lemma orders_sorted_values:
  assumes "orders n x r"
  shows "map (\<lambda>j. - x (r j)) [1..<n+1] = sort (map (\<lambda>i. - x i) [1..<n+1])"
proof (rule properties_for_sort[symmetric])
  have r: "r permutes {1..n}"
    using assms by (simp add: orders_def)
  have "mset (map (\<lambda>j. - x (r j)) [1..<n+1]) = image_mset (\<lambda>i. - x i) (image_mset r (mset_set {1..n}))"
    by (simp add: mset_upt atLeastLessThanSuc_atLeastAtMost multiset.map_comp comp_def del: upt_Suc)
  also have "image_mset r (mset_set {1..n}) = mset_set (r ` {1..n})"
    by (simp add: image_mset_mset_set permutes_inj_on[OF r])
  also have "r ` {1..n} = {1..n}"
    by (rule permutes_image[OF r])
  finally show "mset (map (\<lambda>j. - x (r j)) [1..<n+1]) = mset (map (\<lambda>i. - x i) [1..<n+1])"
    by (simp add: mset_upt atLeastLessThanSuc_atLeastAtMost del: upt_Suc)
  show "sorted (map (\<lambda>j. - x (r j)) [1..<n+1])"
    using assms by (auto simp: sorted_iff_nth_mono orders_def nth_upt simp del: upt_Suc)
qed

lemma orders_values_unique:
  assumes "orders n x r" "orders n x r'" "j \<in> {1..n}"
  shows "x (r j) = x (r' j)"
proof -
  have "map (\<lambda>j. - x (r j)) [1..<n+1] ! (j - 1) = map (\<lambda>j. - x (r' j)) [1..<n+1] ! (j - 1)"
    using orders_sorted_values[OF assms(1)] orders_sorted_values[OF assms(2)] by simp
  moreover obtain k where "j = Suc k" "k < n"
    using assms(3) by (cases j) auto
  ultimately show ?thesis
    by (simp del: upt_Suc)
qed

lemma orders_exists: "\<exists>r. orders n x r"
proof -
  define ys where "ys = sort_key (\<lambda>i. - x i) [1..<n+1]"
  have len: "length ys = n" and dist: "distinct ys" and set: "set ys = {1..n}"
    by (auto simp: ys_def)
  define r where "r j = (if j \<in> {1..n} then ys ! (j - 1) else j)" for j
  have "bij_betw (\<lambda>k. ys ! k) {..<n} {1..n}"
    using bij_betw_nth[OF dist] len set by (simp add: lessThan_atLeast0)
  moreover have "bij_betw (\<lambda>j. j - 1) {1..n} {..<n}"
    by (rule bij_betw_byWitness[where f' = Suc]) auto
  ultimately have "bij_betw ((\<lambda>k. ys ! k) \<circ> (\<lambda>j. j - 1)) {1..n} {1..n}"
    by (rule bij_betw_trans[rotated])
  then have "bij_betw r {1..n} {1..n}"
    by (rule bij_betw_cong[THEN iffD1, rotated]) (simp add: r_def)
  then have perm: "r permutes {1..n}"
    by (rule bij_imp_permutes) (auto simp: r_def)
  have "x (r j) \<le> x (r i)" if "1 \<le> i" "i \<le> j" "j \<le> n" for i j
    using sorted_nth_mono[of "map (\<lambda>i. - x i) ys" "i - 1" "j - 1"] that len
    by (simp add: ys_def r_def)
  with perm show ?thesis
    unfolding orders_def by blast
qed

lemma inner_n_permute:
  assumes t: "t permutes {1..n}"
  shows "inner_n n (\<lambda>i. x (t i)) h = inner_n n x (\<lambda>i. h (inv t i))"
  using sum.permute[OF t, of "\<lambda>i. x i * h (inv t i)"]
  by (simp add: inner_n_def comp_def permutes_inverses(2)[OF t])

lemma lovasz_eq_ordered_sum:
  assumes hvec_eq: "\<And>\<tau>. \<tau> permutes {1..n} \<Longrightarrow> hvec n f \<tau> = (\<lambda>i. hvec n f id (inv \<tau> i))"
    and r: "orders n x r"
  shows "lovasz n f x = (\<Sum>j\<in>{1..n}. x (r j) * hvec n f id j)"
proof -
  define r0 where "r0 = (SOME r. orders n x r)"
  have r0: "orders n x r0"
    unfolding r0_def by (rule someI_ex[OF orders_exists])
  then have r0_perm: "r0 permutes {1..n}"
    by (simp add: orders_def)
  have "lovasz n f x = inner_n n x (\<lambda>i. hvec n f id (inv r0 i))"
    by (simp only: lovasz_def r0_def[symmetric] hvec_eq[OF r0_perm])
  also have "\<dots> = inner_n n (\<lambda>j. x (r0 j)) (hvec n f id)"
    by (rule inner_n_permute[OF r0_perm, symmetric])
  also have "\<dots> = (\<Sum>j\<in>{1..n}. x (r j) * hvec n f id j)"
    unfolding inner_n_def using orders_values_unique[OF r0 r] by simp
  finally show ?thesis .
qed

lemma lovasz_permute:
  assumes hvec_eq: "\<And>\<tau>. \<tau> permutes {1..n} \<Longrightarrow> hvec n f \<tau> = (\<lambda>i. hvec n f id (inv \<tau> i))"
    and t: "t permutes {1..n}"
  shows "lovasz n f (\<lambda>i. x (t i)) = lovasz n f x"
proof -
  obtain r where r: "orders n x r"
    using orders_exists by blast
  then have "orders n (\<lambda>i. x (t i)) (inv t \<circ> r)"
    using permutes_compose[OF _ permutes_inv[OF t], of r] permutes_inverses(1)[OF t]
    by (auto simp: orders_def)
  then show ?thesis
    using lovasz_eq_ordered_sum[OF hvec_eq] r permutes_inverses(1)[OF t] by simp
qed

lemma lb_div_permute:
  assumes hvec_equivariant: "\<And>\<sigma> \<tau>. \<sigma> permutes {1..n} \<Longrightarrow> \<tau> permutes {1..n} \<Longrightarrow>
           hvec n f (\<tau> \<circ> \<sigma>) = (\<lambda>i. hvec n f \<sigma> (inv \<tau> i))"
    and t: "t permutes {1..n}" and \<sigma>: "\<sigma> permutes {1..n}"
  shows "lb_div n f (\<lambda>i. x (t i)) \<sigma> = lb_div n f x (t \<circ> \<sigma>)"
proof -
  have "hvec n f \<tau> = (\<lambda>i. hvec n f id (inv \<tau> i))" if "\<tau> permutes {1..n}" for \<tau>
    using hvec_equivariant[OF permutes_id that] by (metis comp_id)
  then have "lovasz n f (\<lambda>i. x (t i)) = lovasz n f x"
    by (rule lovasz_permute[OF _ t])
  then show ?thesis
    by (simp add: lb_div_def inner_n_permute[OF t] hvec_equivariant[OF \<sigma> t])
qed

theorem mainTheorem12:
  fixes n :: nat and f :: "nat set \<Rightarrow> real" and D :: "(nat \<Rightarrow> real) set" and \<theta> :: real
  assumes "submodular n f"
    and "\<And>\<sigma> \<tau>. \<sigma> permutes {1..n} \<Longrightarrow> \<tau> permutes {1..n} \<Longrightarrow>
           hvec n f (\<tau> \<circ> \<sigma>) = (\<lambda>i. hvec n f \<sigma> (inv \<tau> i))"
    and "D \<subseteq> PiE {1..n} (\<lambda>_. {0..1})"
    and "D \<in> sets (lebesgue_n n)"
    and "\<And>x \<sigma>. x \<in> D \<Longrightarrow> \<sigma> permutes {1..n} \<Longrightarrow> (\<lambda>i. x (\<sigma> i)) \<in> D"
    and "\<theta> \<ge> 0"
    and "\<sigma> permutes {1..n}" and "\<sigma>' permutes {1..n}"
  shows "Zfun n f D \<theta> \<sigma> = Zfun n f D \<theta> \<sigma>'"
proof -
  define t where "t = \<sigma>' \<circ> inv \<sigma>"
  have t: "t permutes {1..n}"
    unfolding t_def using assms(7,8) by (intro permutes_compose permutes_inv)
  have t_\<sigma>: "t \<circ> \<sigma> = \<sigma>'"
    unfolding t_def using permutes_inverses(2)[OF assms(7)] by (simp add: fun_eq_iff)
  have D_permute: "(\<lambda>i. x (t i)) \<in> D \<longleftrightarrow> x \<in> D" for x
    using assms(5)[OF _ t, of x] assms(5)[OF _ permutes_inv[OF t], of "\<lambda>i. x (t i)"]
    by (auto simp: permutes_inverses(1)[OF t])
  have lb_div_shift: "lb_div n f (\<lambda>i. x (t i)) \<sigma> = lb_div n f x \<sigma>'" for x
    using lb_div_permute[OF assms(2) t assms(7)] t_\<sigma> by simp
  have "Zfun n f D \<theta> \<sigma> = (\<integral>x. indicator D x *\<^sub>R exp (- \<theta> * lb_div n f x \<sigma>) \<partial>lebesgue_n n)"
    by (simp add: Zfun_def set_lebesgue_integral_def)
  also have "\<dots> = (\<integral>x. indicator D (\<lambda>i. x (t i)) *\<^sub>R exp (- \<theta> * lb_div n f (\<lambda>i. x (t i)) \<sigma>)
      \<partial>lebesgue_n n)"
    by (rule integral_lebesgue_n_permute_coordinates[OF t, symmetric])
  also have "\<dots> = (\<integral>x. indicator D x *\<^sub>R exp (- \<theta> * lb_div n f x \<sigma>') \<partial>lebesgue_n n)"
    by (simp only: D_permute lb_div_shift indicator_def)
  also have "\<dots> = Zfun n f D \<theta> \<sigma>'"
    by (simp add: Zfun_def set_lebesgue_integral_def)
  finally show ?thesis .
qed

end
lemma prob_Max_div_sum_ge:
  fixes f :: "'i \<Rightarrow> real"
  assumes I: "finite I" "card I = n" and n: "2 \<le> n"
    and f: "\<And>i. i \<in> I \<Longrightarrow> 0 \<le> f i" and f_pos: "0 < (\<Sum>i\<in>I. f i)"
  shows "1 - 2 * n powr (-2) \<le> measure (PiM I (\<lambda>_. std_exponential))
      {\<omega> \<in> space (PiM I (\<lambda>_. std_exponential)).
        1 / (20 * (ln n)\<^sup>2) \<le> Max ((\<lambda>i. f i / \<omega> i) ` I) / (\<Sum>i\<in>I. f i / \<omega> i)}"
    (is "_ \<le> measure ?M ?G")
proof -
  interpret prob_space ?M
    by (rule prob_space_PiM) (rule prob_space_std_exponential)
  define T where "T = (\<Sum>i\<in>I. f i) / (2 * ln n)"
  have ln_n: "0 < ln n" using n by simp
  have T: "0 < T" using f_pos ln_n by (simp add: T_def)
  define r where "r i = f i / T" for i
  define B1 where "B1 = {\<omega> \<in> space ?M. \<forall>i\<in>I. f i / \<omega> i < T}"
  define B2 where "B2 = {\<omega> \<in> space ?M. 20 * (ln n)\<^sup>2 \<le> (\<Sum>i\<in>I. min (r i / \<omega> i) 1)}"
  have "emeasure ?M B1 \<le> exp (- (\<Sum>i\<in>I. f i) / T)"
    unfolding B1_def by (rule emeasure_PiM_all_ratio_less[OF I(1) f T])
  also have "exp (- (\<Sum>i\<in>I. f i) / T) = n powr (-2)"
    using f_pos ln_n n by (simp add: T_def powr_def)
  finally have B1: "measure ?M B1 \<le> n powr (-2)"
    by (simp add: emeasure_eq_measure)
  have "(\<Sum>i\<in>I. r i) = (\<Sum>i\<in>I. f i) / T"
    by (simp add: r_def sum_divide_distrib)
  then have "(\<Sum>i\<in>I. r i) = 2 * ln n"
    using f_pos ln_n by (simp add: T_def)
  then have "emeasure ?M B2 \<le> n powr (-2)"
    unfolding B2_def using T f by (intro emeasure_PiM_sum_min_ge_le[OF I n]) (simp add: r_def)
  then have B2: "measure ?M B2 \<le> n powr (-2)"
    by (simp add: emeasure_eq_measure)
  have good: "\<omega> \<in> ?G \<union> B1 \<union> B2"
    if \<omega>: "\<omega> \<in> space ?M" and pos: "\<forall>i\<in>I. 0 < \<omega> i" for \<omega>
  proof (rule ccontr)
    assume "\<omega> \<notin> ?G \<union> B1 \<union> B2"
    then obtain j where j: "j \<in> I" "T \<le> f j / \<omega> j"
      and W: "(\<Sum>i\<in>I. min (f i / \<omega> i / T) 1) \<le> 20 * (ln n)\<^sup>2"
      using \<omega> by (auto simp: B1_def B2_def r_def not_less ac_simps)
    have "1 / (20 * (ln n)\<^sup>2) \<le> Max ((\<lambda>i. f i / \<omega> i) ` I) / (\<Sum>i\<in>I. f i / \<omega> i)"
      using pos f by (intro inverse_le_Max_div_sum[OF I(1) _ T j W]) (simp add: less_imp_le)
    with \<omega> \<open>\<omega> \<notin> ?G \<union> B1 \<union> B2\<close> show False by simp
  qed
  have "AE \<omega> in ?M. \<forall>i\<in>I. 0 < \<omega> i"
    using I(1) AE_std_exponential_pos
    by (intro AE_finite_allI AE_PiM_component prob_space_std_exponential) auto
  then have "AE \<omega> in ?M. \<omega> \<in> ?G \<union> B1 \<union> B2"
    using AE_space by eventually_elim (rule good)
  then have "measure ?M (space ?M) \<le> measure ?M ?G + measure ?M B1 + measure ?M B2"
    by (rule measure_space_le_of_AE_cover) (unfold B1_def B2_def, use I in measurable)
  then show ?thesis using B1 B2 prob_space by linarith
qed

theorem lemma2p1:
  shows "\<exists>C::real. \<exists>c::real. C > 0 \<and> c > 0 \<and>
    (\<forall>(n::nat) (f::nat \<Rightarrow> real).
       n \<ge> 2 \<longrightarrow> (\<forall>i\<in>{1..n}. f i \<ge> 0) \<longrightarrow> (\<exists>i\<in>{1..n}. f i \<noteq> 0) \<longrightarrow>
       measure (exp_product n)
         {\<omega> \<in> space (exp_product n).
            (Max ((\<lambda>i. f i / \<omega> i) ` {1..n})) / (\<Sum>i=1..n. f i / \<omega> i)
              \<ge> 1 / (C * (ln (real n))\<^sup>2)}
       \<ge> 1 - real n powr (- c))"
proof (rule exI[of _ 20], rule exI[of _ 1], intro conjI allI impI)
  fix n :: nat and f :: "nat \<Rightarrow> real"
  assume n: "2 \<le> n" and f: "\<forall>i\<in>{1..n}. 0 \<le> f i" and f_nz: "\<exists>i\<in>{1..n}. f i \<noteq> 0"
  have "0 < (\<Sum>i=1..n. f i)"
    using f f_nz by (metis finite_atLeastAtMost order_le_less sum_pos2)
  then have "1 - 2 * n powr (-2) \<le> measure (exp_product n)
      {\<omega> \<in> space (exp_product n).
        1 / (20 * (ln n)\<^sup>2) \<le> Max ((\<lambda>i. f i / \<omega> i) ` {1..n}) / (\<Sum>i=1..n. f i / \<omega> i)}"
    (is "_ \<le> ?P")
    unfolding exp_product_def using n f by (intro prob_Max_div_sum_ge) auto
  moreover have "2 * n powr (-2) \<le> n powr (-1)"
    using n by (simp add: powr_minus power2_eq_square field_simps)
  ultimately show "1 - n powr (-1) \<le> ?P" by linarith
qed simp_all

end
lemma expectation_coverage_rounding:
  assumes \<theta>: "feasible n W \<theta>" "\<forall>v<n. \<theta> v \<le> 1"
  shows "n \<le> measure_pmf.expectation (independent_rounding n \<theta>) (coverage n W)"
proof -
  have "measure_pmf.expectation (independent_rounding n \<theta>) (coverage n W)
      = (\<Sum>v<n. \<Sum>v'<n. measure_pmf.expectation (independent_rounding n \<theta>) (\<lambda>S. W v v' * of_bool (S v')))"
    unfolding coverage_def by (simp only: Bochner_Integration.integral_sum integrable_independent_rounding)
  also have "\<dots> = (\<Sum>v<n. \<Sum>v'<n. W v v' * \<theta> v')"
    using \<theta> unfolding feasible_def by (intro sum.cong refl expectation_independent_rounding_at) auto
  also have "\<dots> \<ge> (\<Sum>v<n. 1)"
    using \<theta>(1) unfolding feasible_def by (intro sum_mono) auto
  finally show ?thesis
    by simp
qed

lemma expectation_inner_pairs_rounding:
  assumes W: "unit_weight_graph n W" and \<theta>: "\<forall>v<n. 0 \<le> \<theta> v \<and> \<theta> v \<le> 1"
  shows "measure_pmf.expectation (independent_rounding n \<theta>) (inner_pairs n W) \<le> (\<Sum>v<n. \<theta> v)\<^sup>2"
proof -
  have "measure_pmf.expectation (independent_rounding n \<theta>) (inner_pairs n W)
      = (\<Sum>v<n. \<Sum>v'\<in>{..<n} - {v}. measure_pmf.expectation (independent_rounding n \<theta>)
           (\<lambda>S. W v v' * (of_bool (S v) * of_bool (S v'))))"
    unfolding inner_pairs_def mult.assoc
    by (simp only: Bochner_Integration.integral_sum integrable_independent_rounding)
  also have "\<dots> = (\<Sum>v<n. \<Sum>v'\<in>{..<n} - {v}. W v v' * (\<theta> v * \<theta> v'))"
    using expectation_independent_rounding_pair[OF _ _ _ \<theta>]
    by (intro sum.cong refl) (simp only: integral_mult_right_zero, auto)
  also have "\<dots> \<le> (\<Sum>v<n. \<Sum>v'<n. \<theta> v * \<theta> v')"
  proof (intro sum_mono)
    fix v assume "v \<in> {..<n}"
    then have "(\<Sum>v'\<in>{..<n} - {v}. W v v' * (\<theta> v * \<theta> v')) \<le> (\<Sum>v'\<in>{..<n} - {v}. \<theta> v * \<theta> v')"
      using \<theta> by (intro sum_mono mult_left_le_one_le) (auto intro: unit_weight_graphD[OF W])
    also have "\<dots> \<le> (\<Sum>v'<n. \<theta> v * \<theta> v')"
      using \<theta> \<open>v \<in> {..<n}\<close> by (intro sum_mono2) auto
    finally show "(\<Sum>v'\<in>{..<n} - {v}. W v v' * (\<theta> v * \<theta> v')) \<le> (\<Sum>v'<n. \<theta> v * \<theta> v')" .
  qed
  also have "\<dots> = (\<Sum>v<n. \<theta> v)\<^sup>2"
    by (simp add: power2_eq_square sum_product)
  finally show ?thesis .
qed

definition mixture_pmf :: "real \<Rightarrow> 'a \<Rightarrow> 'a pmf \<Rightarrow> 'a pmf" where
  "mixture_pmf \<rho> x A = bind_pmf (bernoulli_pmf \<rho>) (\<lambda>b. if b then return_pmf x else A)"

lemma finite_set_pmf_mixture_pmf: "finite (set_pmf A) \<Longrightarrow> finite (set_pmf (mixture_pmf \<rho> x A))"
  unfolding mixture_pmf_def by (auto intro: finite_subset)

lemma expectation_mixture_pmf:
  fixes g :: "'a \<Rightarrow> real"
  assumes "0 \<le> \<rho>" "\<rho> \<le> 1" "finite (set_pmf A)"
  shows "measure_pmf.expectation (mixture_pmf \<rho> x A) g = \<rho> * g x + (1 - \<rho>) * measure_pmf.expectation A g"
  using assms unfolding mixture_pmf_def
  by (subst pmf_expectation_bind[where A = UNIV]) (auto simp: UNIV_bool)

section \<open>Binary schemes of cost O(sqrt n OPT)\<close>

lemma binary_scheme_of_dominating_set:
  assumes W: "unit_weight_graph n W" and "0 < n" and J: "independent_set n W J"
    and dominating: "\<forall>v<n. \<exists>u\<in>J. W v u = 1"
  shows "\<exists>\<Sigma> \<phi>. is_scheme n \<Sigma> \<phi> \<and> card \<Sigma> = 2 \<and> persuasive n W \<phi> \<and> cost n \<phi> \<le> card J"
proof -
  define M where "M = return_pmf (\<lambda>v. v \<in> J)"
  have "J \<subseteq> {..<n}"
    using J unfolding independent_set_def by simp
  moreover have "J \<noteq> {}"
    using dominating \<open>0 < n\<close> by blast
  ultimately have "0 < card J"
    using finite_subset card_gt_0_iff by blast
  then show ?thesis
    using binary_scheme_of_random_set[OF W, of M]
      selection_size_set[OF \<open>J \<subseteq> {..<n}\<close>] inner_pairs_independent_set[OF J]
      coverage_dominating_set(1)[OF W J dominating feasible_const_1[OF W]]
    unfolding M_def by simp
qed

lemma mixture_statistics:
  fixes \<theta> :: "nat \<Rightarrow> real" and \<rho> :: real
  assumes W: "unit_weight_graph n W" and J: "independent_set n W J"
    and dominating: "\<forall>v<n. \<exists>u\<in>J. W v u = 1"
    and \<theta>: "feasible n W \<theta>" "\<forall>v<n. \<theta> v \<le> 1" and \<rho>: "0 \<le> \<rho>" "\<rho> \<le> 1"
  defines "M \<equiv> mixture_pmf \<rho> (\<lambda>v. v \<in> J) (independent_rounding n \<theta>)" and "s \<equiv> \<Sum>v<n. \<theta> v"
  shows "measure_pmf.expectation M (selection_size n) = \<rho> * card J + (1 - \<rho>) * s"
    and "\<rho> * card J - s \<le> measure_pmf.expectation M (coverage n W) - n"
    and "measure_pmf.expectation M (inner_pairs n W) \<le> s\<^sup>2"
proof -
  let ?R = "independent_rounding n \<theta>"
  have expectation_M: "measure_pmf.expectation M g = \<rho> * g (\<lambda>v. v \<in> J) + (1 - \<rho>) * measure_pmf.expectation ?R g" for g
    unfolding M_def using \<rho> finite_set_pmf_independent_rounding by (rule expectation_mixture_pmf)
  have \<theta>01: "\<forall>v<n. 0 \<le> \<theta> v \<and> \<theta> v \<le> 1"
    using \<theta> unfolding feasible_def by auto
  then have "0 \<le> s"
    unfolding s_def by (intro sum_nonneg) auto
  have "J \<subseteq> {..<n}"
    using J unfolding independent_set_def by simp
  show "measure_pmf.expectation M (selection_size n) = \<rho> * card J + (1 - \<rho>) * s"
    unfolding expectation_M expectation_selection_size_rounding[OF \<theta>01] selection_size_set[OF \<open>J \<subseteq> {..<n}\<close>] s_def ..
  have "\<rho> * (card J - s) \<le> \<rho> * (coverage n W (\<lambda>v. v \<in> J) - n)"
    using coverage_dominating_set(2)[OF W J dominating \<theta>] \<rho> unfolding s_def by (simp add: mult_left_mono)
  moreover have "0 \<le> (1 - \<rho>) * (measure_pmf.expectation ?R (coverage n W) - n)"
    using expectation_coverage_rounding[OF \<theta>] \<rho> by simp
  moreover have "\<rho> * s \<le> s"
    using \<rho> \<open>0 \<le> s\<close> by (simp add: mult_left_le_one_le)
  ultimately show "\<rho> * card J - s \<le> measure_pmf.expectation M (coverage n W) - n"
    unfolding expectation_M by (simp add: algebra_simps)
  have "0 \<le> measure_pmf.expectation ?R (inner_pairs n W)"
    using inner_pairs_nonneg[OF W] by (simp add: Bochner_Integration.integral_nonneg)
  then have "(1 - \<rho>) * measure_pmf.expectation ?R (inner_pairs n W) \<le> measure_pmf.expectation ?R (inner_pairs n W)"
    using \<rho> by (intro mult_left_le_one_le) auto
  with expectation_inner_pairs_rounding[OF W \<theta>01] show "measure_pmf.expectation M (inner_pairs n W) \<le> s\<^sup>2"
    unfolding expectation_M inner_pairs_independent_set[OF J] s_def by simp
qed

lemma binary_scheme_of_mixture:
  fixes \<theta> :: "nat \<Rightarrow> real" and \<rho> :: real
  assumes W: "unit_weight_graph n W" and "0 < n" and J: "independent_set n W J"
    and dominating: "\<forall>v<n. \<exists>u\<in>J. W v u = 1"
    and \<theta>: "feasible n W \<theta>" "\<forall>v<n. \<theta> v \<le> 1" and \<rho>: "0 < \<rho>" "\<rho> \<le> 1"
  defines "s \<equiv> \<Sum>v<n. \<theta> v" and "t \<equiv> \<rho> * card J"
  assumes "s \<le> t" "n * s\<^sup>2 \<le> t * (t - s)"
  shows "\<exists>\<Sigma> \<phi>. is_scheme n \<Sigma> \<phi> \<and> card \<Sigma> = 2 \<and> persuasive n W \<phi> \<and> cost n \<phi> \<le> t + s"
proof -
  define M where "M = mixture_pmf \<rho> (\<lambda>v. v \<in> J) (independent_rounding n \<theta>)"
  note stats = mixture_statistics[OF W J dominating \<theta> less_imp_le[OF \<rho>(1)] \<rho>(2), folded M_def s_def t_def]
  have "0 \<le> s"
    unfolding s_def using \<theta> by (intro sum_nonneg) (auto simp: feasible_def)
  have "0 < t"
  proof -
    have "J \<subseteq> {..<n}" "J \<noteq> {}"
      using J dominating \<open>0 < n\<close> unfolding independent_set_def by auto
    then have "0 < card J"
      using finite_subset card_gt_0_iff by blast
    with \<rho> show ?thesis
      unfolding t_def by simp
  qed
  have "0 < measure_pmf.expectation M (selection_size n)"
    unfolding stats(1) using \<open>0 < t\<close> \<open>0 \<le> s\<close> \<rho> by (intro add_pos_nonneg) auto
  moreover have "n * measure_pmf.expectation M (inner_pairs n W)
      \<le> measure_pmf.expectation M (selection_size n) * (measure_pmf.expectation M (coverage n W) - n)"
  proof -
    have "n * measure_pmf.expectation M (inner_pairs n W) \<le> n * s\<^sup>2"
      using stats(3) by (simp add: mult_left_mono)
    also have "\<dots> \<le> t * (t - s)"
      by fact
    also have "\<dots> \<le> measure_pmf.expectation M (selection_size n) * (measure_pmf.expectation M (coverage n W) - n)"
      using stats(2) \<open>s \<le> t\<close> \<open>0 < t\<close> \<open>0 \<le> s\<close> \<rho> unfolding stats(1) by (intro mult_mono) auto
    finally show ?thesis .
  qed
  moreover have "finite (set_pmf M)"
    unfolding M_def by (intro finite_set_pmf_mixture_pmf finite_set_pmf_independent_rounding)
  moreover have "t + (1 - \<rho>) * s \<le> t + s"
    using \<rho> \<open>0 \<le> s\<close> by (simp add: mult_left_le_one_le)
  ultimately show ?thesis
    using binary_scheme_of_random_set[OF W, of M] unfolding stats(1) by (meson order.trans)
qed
------------------------------------
Exercise objective — All lines in the data above from the one with "unfolding mixture_pmf_def by" through the one with "using assms unfolding mixture_pmf_def" must be repeated exactly, and no others.

Exercise solution —
  unfolding mixture_pmf_def by (auto intro: finite_subset)

lemma expectation_mixture_pmf:
  fixes g :: "'a \<Rightarrow> real"
  assumes "0 \<le> \<rho>" "\<rho> \<le> 1" "finite (set_pmf A)"
  shows "measure_pmf.expectation (mixture_pmf \<rho> x A) g = \<rho> * g x + (1 - \<rho>) * measure_pmf.expectation A g"
  using assms unfolding mixture_pmf_def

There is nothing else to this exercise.